◆ **Source records**:
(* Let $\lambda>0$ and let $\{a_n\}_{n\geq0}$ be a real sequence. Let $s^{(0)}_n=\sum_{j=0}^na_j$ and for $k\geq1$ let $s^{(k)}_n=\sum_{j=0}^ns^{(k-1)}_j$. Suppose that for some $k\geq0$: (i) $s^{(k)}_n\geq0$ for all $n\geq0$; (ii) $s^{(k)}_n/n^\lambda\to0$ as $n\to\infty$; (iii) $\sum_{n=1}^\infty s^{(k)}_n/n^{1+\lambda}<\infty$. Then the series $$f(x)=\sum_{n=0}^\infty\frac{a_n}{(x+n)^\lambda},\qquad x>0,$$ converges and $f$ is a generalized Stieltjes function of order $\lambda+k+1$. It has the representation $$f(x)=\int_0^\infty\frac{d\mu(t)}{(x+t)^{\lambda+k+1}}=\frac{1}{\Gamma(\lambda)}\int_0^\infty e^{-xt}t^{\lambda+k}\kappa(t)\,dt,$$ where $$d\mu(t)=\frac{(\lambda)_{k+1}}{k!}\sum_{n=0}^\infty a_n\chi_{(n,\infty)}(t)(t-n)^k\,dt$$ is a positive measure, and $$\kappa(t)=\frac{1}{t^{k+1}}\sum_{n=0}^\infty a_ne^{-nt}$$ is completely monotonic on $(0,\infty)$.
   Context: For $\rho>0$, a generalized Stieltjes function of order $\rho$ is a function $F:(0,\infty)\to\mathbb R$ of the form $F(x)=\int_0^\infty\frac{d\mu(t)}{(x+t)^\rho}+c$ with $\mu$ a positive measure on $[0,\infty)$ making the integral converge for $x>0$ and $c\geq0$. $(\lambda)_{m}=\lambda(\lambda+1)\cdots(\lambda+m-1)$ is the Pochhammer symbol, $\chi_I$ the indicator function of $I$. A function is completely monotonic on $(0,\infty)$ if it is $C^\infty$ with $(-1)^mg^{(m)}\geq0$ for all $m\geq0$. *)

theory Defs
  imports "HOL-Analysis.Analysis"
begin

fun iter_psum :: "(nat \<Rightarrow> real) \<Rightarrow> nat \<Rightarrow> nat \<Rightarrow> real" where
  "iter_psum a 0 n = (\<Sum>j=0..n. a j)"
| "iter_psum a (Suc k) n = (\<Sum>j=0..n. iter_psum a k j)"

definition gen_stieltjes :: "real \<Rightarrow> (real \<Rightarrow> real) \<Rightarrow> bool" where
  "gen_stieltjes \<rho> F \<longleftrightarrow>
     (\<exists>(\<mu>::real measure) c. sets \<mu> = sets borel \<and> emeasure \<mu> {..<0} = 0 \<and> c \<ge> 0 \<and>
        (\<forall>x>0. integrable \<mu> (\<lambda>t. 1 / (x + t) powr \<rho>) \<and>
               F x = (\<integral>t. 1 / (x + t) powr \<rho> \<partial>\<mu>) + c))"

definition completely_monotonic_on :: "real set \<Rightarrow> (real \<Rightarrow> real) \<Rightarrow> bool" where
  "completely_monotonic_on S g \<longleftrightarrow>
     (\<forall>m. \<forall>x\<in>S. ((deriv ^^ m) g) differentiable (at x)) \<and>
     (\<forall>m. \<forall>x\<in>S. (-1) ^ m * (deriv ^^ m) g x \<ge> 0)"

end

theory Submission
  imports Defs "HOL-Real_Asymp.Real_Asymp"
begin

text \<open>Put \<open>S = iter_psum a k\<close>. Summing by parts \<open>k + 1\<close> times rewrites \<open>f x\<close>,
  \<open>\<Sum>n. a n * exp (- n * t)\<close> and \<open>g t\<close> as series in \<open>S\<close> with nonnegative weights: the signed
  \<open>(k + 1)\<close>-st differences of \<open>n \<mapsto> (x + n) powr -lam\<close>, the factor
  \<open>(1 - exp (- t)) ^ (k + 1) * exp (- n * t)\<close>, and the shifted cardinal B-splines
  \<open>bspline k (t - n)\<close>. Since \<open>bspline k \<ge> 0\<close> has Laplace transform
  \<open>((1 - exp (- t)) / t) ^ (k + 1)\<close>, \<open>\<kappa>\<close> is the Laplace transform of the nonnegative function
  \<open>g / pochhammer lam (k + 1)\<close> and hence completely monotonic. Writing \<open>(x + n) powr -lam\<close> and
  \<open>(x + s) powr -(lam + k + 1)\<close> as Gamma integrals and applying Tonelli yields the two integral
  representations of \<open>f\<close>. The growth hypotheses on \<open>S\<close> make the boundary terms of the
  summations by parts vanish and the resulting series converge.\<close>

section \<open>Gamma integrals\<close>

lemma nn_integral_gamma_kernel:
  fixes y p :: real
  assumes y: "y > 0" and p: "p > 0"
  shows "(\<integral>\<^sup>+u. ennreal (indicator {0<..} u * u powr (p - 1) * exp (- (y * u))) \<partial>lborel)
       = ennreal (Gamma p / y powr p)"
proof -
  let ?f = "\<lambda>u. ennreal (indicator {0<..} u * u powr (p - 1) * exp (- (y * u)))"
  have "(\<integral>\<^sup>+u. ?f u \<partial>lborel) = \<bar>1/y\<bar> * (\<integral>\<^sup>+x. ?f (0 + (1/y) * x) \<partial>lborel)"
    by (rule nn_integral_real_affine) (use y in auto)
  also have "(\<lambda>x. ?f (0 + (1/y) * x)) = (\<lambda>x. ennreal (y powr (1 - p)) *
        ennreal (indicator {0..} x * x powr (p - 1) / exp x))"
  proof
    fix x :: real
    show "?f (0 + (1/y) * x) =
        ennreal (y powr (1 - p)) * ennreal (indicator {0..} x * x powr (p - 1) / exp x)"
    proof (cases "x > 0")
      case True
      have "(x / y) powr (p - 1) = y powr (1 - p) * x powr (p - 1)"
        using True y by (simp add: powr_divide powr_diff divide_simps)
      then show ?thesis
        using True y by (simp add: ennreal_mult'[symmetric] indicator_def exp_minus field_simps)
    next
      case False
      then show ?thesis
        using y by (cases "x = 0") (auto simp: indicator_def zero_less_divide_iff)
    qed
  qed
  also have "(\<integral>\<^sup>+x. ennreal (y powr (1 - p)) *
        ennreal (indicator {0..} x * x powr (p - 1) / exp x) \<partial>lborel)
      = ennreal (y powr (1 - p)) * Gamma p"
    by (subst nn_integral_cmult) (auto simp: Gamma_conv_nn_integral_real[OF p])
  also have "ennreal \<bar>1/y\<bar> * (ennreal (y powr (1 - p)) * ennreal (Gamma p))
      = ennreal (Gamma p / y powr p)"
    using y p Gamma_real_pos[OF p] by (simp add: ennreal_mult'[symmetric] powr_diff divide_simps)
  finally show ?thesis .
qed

◆ **To do**: Would you set down every entry again, exactly?

◆ **Expected answer**:
(* Let $\lambda>0$ and let $\{a_n\}_{n\geq0}$ be a real sequence. Let $s^{(0)}_n=\sum_{j=0}^na_j$ and for $k\geq1$ let $s^{(k)}_n=\sum_{j=0}^ns^{(k-1)}_j$. Suppose that for some $k\geq0$: (i) $s^{(k)}_n\geq0$ for all $n\geq0$; (ii) $s^{(k)}_n/n^\lambda\to0$ as $n\to\infty$; (iii) $\sum_{n=1}^\infty s^{(k)}_n/n^{1+\lambda}<\infty$. Then the series $$f(x)=\sum_{n=0}^\infty\frac{a_n}{(x+n)^\lambda},\qquad x>0,$$ converges and $f$ is a generalized Stieltjes function of order $\lambda+k+1$. It has the representation $$f(x)=\int_0^\infty\frac{d\mu(t)}{(x+t)^{\lambda+k+1}}=\frac{1}{\Gamma(\lambda)}\int_0^\infty e^{-xt}t^{\lambda+k}\kappa(t)\,dt,$$ where $$d\mu(t)=\frac{(\lambda)_{k+1}}{k!}\sum_{n=0}^\infty a_n\chi_{(n,\infty)}(t)(t-n)^k\,dt$$ is a positive measure, and $$\kappa(t)=\frac{1}{t^{k+1}}\sum_{n=0}^\infty a_ne^{-nt}$$ is completely monotonic on $(0,\infty)$.
   Context: For $\rho>0$, a generalized Stieltjes function of order $\rho$ is a function $F:(0,\infty)\to\mathbb R$ of the form $F(x)=\int_0^\infty\frac{d\mu(t)}{(x+t)^\rho}+c$ with $\mu$ a positive measure on $[0,\infty)$ making the integral converge for $x>0$ and $c\geq0$. $(\lambda)_{m}=\lambda(\lambda+1)\cdots(\lambda+m-1)$ is the Pochhammer symbol, $\chi_I$ the indicator function of $I$. A function is completely monotonic on $(0,\infty)$ if it is $C^\infty$ with $(-1)^mg^{(m)}\geq0$ for all $m\geq0$. *)

theory Defs
  imports "HOL-Analysis.Analysis"
begin

fun iter_psum :: "(nat \<Rightarrow> real) \<Rightarrow> nat \<Rightarrow> nat \<Rightarrow> real" where
  "iter_psum a 0 n = (\<Sum>j=0..n. a j)"
| "iter_psum a (Suc k) n = (\<Sum>j=0..n. iter_psum a k j)"

definition gen_stieltjes :: "real \<Rightarrow> (real \<Rightarrow> real) \<Rightarrow> bool" where
  "gen_stieltjes \<rho> F \<longleftrightarrow>
     (\<exists>(\<mu>::real measure) c. sets \<mu> = sets borel \<and> emeasure \<mu> {..<0} = 0 \<and> c \<ge> 0 \<and>
        (\<forall>x>0. integrable \<mu> (\<lambda>t. 1 / (x + t) powr \<rho>) \<and>
               F x = (\<integral>t. 1 / (x + t) powr \<rho> \<partial>\<mu>) + c))"

definition completely_monotonic_on :: "real set \<Rightarrow> (real \<Rightarrow> real) \<Rightarrow> bool" where
  "completely_monotonic_on S g \<longleftrightarrow>
     (\<forall>m. \<forall>x\<in>S. ((deriv ^^ m) g) differentiable (at x)) \<and>
     (\<forall>m. \<forall>x\<in>S. (-1) ^ m * (deriv ^^ m) g x \<ge> 0)"

end

theory Submission
  imports Defs "HOL-Real_Asymp.Real_Asymp"
begin

text \<open>Put \<open>S = iter_psum a k\<close>. Summing by parts \<open>k + 1\<close> times rewrites \<open>f x\<close>,
  \<open>\<Sum>n. a n * exp (- n * t)\<close> and \<open>g t\<close> as series in \<open>S\<close> with nonnegative weights: the signed
  \<open>(k + 1)\<close>-st differences of \<open>n \<mapsto> (x + n) powr -lam\<close>, the factor
  \<open>(1 - exp (- t)) ^ (k + 1) * exp (- n * t)\<close>, and the shifted cardinal B-splines
  \<open>bspline k (t - n)\<close>. Since \<open>bspline k \<ge> 0\<close> has Laplace transform
  \<open>((1 - exp (- t)) / t) ^ (k + 1)\<close>, \<open>\<kappa>\<close> is the Laplace transform of the nonnegative function
  \<open>g / pochhammer lam (k + 1)\<close> and hence completely monotonic. Writing \<open>(x + n) powr -lam\<close> and
  \<open>(x + s) powr -(lam + k + 1)\<close> as Gamma integrals and applying Tonelli yields the two integral
  representations of \<open>f\<close>. The growth hypotheses on \<open>S\<close> make the boundary terms of the
  summations by parts vanish and the resulting series converge.\<close>

section \<open>Gamma integrals\<close>

lemma nn_integral_gamma_kernel:
  fixes y p :: real
  assumes y: "y > 0" and p: "p > 0"
  shows "(\<integral>\<^sup>+u. ennreal (indicator {0<..} u * u powr (p - 1) * exp (- (y * u))) \<partial>lborel)
       = ennreal (Gamma p / y powr p)"
proof -
  let ?f = "\<lambda>u. ennreal (indicator {0<..} u * u powr (p - 1) * exp (- (y * u)))"
  have "(\<integral>\<^sup>+u. ?f u \<partial>lborel) = \<bar>1/y\<bar> * (\<integral>\<^sup>+x. ?f (0 + (1/y) * x) \<partial>lborel)"
    by (rule nn_integral_real_affine) (use y in auto)
  also have "(\<lambda>x. ?f (0 + (1/y) * x)) = (\<lambda>x. ennreal (y powr (1 - p)) *
        ennreal (indicator {0..} x * x powr (p - 1) / exp x))"
  proof
    fix x :: real
    show "?f (0 + (1/y) * x) =
        ennreal (y powr (1 - p)) * ennreal (indicator {0..} x * x powr (p - 1) / exp x)"
    proof (cases "x > 0")
      case True
      have "(x / y) powr (p - 1) = y powr (1 - p) * x powr (p - 1)"
        using True y by (simp add: powr_divide powr_diff divide_simps)
      then show ?thesis
        using True y by (simp add: ennreal_mult'[symmetric] indicator_def exp_minus field_simps)
    next
      case False
      then show ?thesis
        using y by (cases "x = 0") (auto simp: indicator_def zero_less_divide_iff)
    qed
  qed
  also have "(\<integral>\<^sup>+x. ennreal (y powr (1 - p)) *
        ennreal (indicator {0..} x * x powr (p - 1) / exp x) \<partial>lborel)
      = ennreal (y powr (1 - p)) * Gamma p"
    by (subst nn_integral_cmult) (auto simp: Gamma_conv_nn_integral_real[OF p])
  also have "ennreal \<bar>1/y\<bar> * (ennreal (y powr (1 - p)) * ennreal (Gamma p))
      = ennreal (Gamma p / y powr p)"
    using y p Gamma_real_pos[OF p] by (simp add: ennreal_mult'[symmetric] powr_diff divide_simps)
  finally show ?thesis .
qed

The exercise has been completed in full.